■ Exercise brief
Tally the lines below that contain the word "auto", and give only that number.

■ The data
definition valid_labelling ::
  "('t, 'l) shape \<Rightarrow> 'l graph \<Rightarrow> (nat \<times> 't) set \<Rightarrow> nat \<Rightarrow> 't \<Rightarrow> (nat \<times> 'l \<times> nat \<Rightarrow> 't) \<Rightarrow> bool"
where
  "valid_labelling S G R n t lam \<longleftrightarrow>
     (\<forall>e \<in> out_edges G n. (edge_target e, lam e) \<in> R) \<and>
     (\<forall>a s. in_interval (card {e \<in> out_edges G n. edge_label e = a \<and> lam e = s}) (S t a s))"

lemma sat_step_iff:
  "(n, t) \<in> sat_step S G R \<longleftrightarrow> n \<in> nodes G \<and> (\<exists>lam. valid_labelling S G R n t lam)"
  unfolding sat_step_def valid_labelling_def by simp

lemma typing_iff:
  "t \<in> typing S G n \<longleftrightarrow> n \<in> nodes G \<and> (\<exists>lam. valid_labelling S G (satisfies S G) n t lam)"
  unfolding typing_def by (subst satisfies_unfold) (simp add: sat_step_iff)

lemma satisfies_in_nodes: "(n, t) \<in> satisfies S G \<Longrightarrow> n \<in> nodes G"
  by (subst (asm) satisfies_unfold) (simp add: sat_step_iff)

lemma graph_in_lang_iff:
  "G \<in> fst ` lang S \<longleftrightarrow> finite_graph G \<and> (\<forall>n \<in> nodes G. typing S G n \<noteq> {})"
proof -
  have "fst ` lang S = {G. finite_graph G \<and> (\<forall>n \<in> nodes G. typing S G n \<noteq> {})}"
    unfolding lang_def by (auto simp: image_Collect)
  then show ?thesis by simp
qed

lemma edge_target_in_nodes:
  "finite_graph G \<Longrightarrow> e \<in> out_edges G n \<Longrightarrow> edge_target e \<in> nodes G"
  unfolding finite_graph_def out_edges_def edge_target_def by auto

■ Response to the exercise
2